A line between jobfulness and joblessness
Whenever I talk to the so-called Gen Z, I understand how fast the world changed around us. These folks are not at all in awe of the system in place. They don’t perceive their employment status as a do-or-die situation. If anything, a job is something that is supposed to enrich them, not suck their existence out of them. There is a bohemian-cum-hedonistic spirit in there. Quite a drastic shift from my generation of hardworking, backbreaking people who were hardly holding onto their last threads of individuality in a workspace. We knew our place in the system. And we learned this from the generation that preceded us. Our parents told us that job security is everything. If you don’t have a job, you don’t have a purpose in life. The key operative word here was security, not purpose though. But nobody had the gumption to get into nuances back then.
Things are damn different now.
I turned 37 last month and I’ve been working non-stop since September of 2007. Barely a month after I quit engineering college for good, without a degree in hand (I had a diploma, for what it was worth), I entered the reckless transcription industry, before earning my BA (Literature) and MA (Journalism), and plunging into entertainment journalism, and then shifting gear towards corporate communication in the startup world.
All things said and undone, I’d been at it for approximately 16 years now. I was so attached to the idea of employment that punctuality was synonymous with me and I completed my tasks with unmatched zeal. My first ever manager called me ‘super-dedicated’ and later, the editor at Sunday Midday labeled me ‘enthu cutlet’ for delivering on Tuesdays what was expected on Thursdays. That’s just the way I operated. A weird restlessness to get things done.
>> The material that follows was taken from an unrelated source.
(* Let $\mathbb K$ be an infinite field, $\mathcal N$ a vector space over $\mathbb K$, and $f:(\mathbb K^d)_{\mathrm{nc}}\to\mathcal N_{\mathrm{nc}}$ a nc function such that for each $n$, $f(X_1,\dots,X_d)$ is a polynomial function of degree $L_n$ in the $dn^2$ commuting variables $(X_i)_{jk}$ ($i=1,\dots,d$; $j,k=1,\dots,n$) with values in $\mathcal N^{n\times n}$ (with the convention $\deg0=-\infty$). Then there exists a unique sequence of homogeneous nc polynomials $f_j\in\mathcal N\langle x_1,\dots,x_d\rangle$ of degree $j$, $j=0,1,\dots$, such that for all $n\in\mathbb N$: $f_j$ vanishes on $(\mathbb K^{n\times n})^d$ for all $j>L_n$; if $L_n>-\infty$ then $f_{L_n}$ does not vanish identically on $(\mathbb K^{n\times n})^d$; and for $X\in(\mathbb K^{n\times n})^d$, $$f(X)=\sum_{j=0}^\infty f_j(X)=\sum_{j=0}^{L_n}f_j(X).$$
   Context: $n\times n$ matrices over $\mathbb K^d$ are identified with $d$-tuples $X=(X_1,\dots,X_d)$ of $n\times n$ matrices over $\mathbb K$; $(\mathbb K^d)_{\mathrm{nc}}=\coprod_n(\mathbb K^{n\times n})^d$, $\mathcal N_{\mathrm{nc}}=\coprod_n\mathcal N^{n\times n}$. A nc function $f$ satisfies $f((\mathbb K^{n\times n})^d)\subseteq\mathcal N^{n\times n}$, $f(X\oplus Y)=f(X)\oplus f(Y)$ (componentwise block diagonal direct sums), and $f(SXS^{-1})=Sf(X)S^{-1}$ for invertible $S\in\mathbb K^{n\times n}$. $\mathcal G_d$ is the free monoid on $g_1,\dots,g_d$; for $w=g_{i_1}\cdots g_{i_\ell}$, $|w|=\ell$, $x^w=x_{i_1}\cdots x_{i_\ell}$, $X^w=X_{i_1}\cdots X_{i_\ell}$. A homogeneous nc polynomial of degree $j$ with coefficients in $\mathcal N$ is a finite formal sum $p=\sum_{|w|=j}p_wx^w$ with $p_w\in\mathcal N$ (possibly all zero); it is evaluated by $p(X)=\sum_{|w|=j}X^wp_w\in\mathcal N^{n\times n}$, where $(X^wp_w)_{ab}=(X^w)_{ab}p_w$. *)

theory Defs
  imports Main "HOL.Vector_Spaces" "HOL-Library.Poly_Mapping"
begin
During my 6 summers with Zomato, I was always the first person to enter our office building. I reached before time and left before 7 PM. Nobody questioned me because they knew I was solid with my commitments. My longest-serving manager there once remarked “he is always there” about me. That’s just how I was: available both offline as well as online. I got married one Monday and resumed work the following Monday.
This is not to be proud of by any measure, but never once did I ever take all the allotted leave in a calendar year. When I eventually quit Z and moved to Mangalore, I joined the Bangalore-based edtech Kyt and worked with them for 5 months. As had been my track record, I took zero leave and was always active. That’s just how I was and it was a nice place with a tiny team. Anyhow, in April of 2021, I joined Grofers (which later became Blinkit) and stayed with them for a little over two years, until last month.
As of now, I am not employed by any one particular brand. I talk to different entities—both at individual as well as organizational level—about how I can help them in content/copy/ideation/etc. As much as I appreciate monogamous professionalism, this is an interesting phase. It almost feels like joblessness because so much time goes into discussing out details. Too many handshakes, if you may.
When you work for one org, you are singularly directed and goals are accomplished at a much faster rate. Oh, not to mention, the painful bit called money negotiation(s). When you aim for full-time employment, that conversation happens only once: at the very beginning. And then you set your sail on a given route. Here, you are constantly marketing yourself, your potential to make a difference and how much you weigh it in rupees. Pretty tiresome exercise, to be honest.
I recently posted on LinkedIn about my desire to move towards the mentoring space. This led to leads and calls from different quarters; turns out it’s not just startups and agencies that are keen. Too much talking going on presently, something I am not really a big fan of. I am more interested in doing.
Speaking of LinkedIn, I suggested there that ‘unemployed’ sounds more professional than ‘jobless’. Which, in essence, is correct, right? In our quest to inflate our worth in the marketplace, we drop empty words, fancy jargons, that are emptier than a lost submersible. What really matters is what we, as individuals, bring to the table. That’s all. Everything else is 100% hokum.
In the end, whether you are employed or unemployed or self-employed or half-employed, what you genuinely end up with are stories. If you have great stories to share, you are already winning in your (professional) life at least.